In this case it might be helpful to mention the solutions you’ve already tried/evaluated and the reasons why they’re not suitable. Without those details you’re no different from the dreamers who think their 10GB database is FAANG-scale so it’s normal that you get the usual responses.
I mean what percentage of companies are web scale or at your scale? I would guess around 1% being really generous. So it makes sense that the starting advice would be to not worry about scaling.
I get it, and I can't even say I blame the people for responding like that.
I think it is the same frustration I get when I call my ISP for tech support and they tell me to reboot my computer. I realize that they are giving advice for the average person, but it sucks having to sit through it.
Nothing quite as anger inducing as knowing WHY it is that way, but also knowing you are stuck, it makes no sense for you, and it sucks ass.
My new fav rant is the voice phone systems for Kaiser, which makes me say 'Yes or No' constantly - but literally can only hear me somehow if I'm yelling. And they don't tell you to press a number to say yes or no until after you've failed several times with the voice system.
All human convos have zero issues, not even a little faint.
Probably true - hopefully you can prefix your question with 'Yes, this is 10 Exabytes - no, I'm not typo'ng it' to save some of us from foot-in-mouth syndrome?
That is probably a good idea, get that out of the way up front.
I feel similar frustrations with commenters saying I am doing it wrong by not moving everything to the cloud… I work for a CDN, we would go out of business pretty quickly if we moved everything to the cloud. Oh well.
Yes, exactly. When people cite scaling concerns and/or big data, I start by asking them what they mean by scale and/or big. It's a great way to get down to brass tacks quickly.
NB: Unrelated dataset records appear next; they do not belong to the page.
(* The factorisation library hides Rings.coprime behind a constant of its own. *)
lemma min_poly_rat_eq_or_coprime:
  assumes f: "min_poly_rat f z" and h: "min_poly_rat h w"
  shows "f = h \<or> Rings.coprime f h"
proof (cases "is_unit (gcd f h)")
  case True
  then show ?thesis by (metis is_unit_gcd)
next
  case False
  have "f dvd h"
    using min_poly_rat_dvd_nonunit[OF f gcd_dvd1 False] by (meson dvd_trans gcd_dvd2)
  moreover have "h dvd f"
    using min_poly_rat_dvd_nonunit[OF h gcd_dvd2 False] by (meson dvd_trans gcd_dvd1)
  moreover have "normalize f = f" "normalize h = h"
    using f h by (simp_all add: min_poly_rat_def normalize_monic)
  ultimately show ?thesis by (metis associated_eqI)
qed

lemma monic_int_poly_rat_factors:
  fixes P :: "int poly" and g k :: "rat poly"
  assumes P: "monic P" and fac: "of_int_poly P = g * k" and g: "monic g"
  obtains G K where "g = of_int_poly G" "k = of_int_poly K" "monic G" "P = G * K"
proof -
  have "content P dvd 1" using content_dvd_coeff[of P "degree P"] P by simp
  then have content: "content P = 1" using content_ge_0_int[of P] by (simp add: zdvd1_eq)
  obtain r G where G: "rat_to_normalized_int_poly g = (r, G)" by force
  obtain s K where K: "rat_to_normalized_int_poly k = (s, K)" by force
  have "P \<noteq> 0" using P by (metis leading_coeff_0_iff zero_neq_one)
  then have PGK: "P = G * K" using rat_to_int_factor_content_1[OF content fac G K] by blast
  note G' = rat_to_normalized_int_poly[OF G] and K' = rat_to_normalized_int_poly[OF K]
  have k: "monic k"
    using fac g P by (metis lead_coeff_mult mult_1 of_int_hom.hom_lead_coeff of_int_hom.hom_one)
  have r: "r * of_int (lead_coeff G) = 1"
    using G'(1) g by (metis lead_coeff_smult of_int_hom.hom_lead_coeff)
  have s: "s * of_int (lead_coeff K) = 1"
    using K'(1) k by (metis lead_coeff_smult of_int_hom.hom_lead_coeff)
  have "lead_coeff G * lead_coeff K = 1" using PGK P by (simp add: lead_coeff_mult)
  then have "lead_coeff G = 1 \<or> lead_coeff G = -1" by (metis zmult_eq_1_iff)
  then have "lead_coeff G = 1" using r G'(2) by auto
  then have "r = 1" "s = 1" using r s \<open>lead_coeff G * lead_coeff K = 1\<close> by simp_all
  then show ?thesis using that G'(1) K'(1) PGK \<open>lead_coeff G = 1\<close> by simp
qed

lemma map_poly_of_rat_of_int_poly [simp]: "map_poly of_rat (of_int_poly F) = of_int_poly F"
  by (simp add: map_poly_map_poly o_def)

lemma monic_monom_minus_one:
  assumes "n > 0"
  shows "monic (monom 1 n - 1 :: 'a :: comm_ring_1 poly)"
proof -
  have "- (1 :: 'a poly) = [:-1:]" by (metis minus_pCons minus_zero pCons_one)
  then have eq: "monom 1 n - 1 = monom (1 :: 'a) n + [:-1:]" by simp
  have "degree (monom (1 :: 'a) n + [:-1:]) = n"
    using assms by (simp add: degree_add_eq_left degree_monom_eq)
  then show ?thesis
    unfolding eq using assms by (simp add: coeff_monom coeff_pCons split: nat.split)
qed

lemma coprime_min_poly_rat_int_factors:
  fixes z w :: complex
  assumes f: "min_poly_rat f z" and h: "min_poly_rat h w" and "Rings.coprime f h"
    and z: "z ^ n = 1" and w: "w ^ n = 1" and n: "n > 0"
  obtains F G H where "f = of_int_poly F" "monic F" "h = of_int_poly H" "monic H"
    "F * G = monom 1 n - 1" "H dvd G"
proof -
  define X :: "int poly" where "X = monom 1 n - 1"
  have X: "monic X" unfolding X_def using n by (rule monic_monom_minus_one)
  have "poly (of_int_poly X) u = 0" if "u ^ n = 1" for u :: complex
    using that by (simp add: X_def map_poly_monom hom_distribs poly_monom)
  then have "f dvd of_int_poly X" "h dvd of_int_poly X"
    using f h z w by (auto simp: min_poly_rat_def)
  then have "f * h dvd of_int_poly X" using \<open>Rings.coprime f h\<close> by (simp add: divides_mult)
  then obtain q where q: "of_int_poly X = f * (h * q)" by (metis dvdE mult.assoc)
  have "monic f" "monic h" using f h by (simp_all add: min_poly_rat_def)
  obtain F G where F: "f = of_int_poly F" "monic F" and G: "h * q = of_int_poly G" "X = F * G"
    using monic_int_poly_rat_factors[OF X q \<open>monic f\<close>] by blast
  have "monic G" using X F(2) G(2) by (simp add: lead_coeff_mult)
  then obtain H Q where H: "h = of_int_poly H" "monic H" and "G = H * Q"
    using monic_int_poly_rat_factors[OF _ G(1)[symmetric] \<open>monic h\<close>] by blast
  then have "H dvd G" by simp
  moreover have "F * G = monom 1 n - 1" using G(2) by (simp add: X_def)
  ultimately show ?thesis using that F H by blast
qed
Now when dealing with someone convinced that their single TB of data is google scale, the harder issue is changing that belief. But at least you know where they stand.
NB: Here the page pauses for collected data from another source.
(* The ground-state energy E(v) is a minimum of affine functions of v and ground-state densities
   are its supergradients, so the relation "rho is a ground-state density at v" is antimonotone:
   (rho1 - rho2) . (v1 - v2) <= 0.  By Minty's trick z = v - rho then determines rho, and rho is
   1-Lipschitz in z.  A density that is not uniquely v-representable is represented by a whole
   segment of potentials in a direction u with iota u not scalar, i.e. u is not a gauge direction
   (one orthogonal to the affine hull of the pure-state densities).  After projecting out the gauge
   directions, every point of the bad set thickened by the gauge directions has a nondegenerate
   segment of Minty coordinates, which meets one of countably many rational coordinate
   hyperplanes; so this set is covered by countably many Lipschitz images of null sets. *)

section \<open>Euclidean geometry and antimonotone relations\<close>

lemma inner_eq_if_orthogonal_affine_hull_directions:
  fixes X :: "'a::real_inner set"
  assumes "m \<in> orthogonal_comp {a - b | a b. a \<in> affine hull X \<and> b \<in> affine hull X}"
    and "x \<in> X" "y \<in> X"
  shows "x \<bullet> m = y \<bullet> m"
proof -
  have "x - y \<in> {a - b | a b. a \<in> affine hull X \<and> b \<in> affine hull X}"
    using assms(2,3) by (blast intro: hull_inc)
  then have "(x - y) \<bullet> m = 0"
    using assms(1) by (simp add: orthogonal_comp_def orthogonal_def)
  then show ?thesis
    by (simp add: inner_diff_left)
qed

lemma orthogonal_projection_exists:
  fixes N :: "'a::euclidean_space set"
  assumes N: "subspace N"
  obtains Q where "linear Q" "\<And>x. Q x \<in> N" "\<And>x. x - Q x \<in> orthogonal_comp N"
    "\<And>m. m \<in> N \<Longrightarrow> Q m = m" "\<And>x. 0 \<le> Q x \<bullet> x"
proof -
  have decomp: "\<exists>!y. y \<in> N \<and> x - y \<in> orthogonal_comp N" for x
  proof (rule ex_ex1I)
    obtain y z where "y \<in> N" "z \<in> orthogonal_comp N" "x = y + z"
      using subspace_sum_orthogonal_comp[OF N] set_plus_elim by blast
    then show "\<exists>y. y \<in> N \<and> x - y \<in> orthogonal_comp N"
      by (metis add_diff_cancel_left')
  next
    fix y1 y2
    assume y1: "y1 \<in> N \<and> x - y1 \<in> orthogonal_comp N" and y2: "y2 \<in> N \<and> x - y2 \<in> orthogonal_comp N"
    have "(x - y1) - (x - y2) \<in> orthogonal_comp N"
      using y1 y2 by (blast intro: subspace_diff[OF subspace_orthogonal_comp])
    then have "y2 - y1 \<in> N \<inter> orthogonal_comp N"
      using y1 y2 by (simp add: subspace_diff[OF N])
    then show "y1 = y2"
      by (simp add: orthogonal_Int_0[OF N])
  qed
  define Q where "Q x = (THE y. y \<in> N \<and> x - y \<in> orthogonal_comp N)" for x
  have Q: "Q x \<in> N" "x - Q x \<in> orthogonal_comp N" for x
    using theI'[OF decomp[of x]] unfolding Q_def by auto
  have Q_eq: "Q x = y" if "y \<in> N" "x - y \<in> orthogonal_comp N" for x y
    unfolding Q_def using that by (intro the1_equality[OF decomp]) auto
  have "linear Q"
  proof (rule linearI)
    fix x y
    have "(x - Q x) + (y - Q y) \<in> orthogonal_comp N"
      by (intro subspace_add[OF subspace_orthogonal_comp] Q)
    then show "Q (x + y) = Q x + Q y"
      by (intro Q_eq) (simp_all add: subspace_add[OF N] Q algebra_simps)
  next
    fix c x
    have "c *\<^sub>R (x - Q x) \<in> orthogonal_comp N"
      by (intro subspace_scale[OF subspace_orthogonal_comp] Q)
    then show "Q (c *\<^sub>R x) = c *\<^sub>R Q x"
      by (intro Q_eq) (simp_all add: subspace_scale[OF N] Q scaleR_diff_right)
  qed
  moreover have "Q m = m" if "m \<in> N" for m
    using that by (intro Q_eq) (simp_all add: subspace_0[OF subspace_orthogonal_comp])
  moreover have "0 \<le> Q x \<bullet> x" for x
  proof -
    have "Q x \<bullet> (x - Q x) = 0"
      using Q[of x] by (simp add: orthogonal_comp_def orthogonal_def)
    then show ?thesis
      by (simp add: inner_diff_right)
  qed
  ultimately show thesis
    using Q that by blast
qed

lemma norm_le_norm_diff_if_inner_nonpos:
  fixes x y :: "'a::real_inner"
  assumes "x \<bullet> y \<le> 0"
  shows "norm x \<le> norm (y - x)"
proof -
  have "(y - x) \<bullet> (y - x) = x \<bullet> x + (y \<bullet> y - 2 * (x \<bullet> y))"
    by (simp add: inner_diff_left inner_diff_right inner_commute)
  then have "x \<bullet> x \<le> (y - x) \<bullet> (y - x)"
    using assms inner_ge_zero[of y] by linarith
  then show ?thesis
    by (simp add: norm_le)
qed

lemma antimonotone_Minty_Lipschitz:
  fixes R :: "'a::real_inner \<Rightarrow> 'a \<Rightarrow> bool"
  assumes anti: "\<And>v1 x1 v2 x2. R v1 x1 \<Longrightarrow> R v2 x2 \<Longrightarrow> (x1 - x2) \<bullet> (v1 - v2) \<le> 0"
    and "R v1 x1" "R v2 x2"
  shows "norm (x1 - x2) \<le> norm ((v1 - x1) - (v2 - x2))"
proof -
  have "(v1 - x1) - (v2 - x2) = (v1 - v2) - (x1 - x2)"
    by (simp add: algebra_simps)
  then show ?thesis
    using norm_le_norm_diff_if_inner_nonpos[OF anti[OF assms(2,3)]] by metis
qed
That sounds like you're not giving enough detail. If you don't mention the approximate scale that you have right now, you can't expect people to glark it from context.
Same. I think there's this idea that 5 companies have more than 1PB of data and everyone else is just faking it. My field operates on many petabytes of data per customer.
Yes, the set of people truly operating "at scale" is more than FAANG and far, far less than the set of people believing they operate "at scale". This means there are still people in that middle ground.
One gotcha here is not all PBs are equal. My field also is a case where multi-PB datastores are common. However for the most part those data sit at rest in S3 or similar. They'll occasionally be pulled in chunks of a couple TB at most. But when you talk to people they'll flash their "do you know how big our storage budget is?" badge at the drop of a hat. It gets used to explain all sorts of compute patterns. Meanwhile, all they need is a large S3 footprint and a machine with a reasonable amount of RAM.
People tend to have a very bad sense of what constitutes large scale. It usually maps to "larger than the largest thing I've personally seen". So they hear "Use X instead of Y when operating at scale", and all of a sudden we have people implementing distributed datastore for a few MB of data.
Having gone downward in scale over the last few years of my career it has been eye opening how many people tell me X won't work due to "our scale", and I point out I have already used X in prior jobs for scale that's much larger than what we have.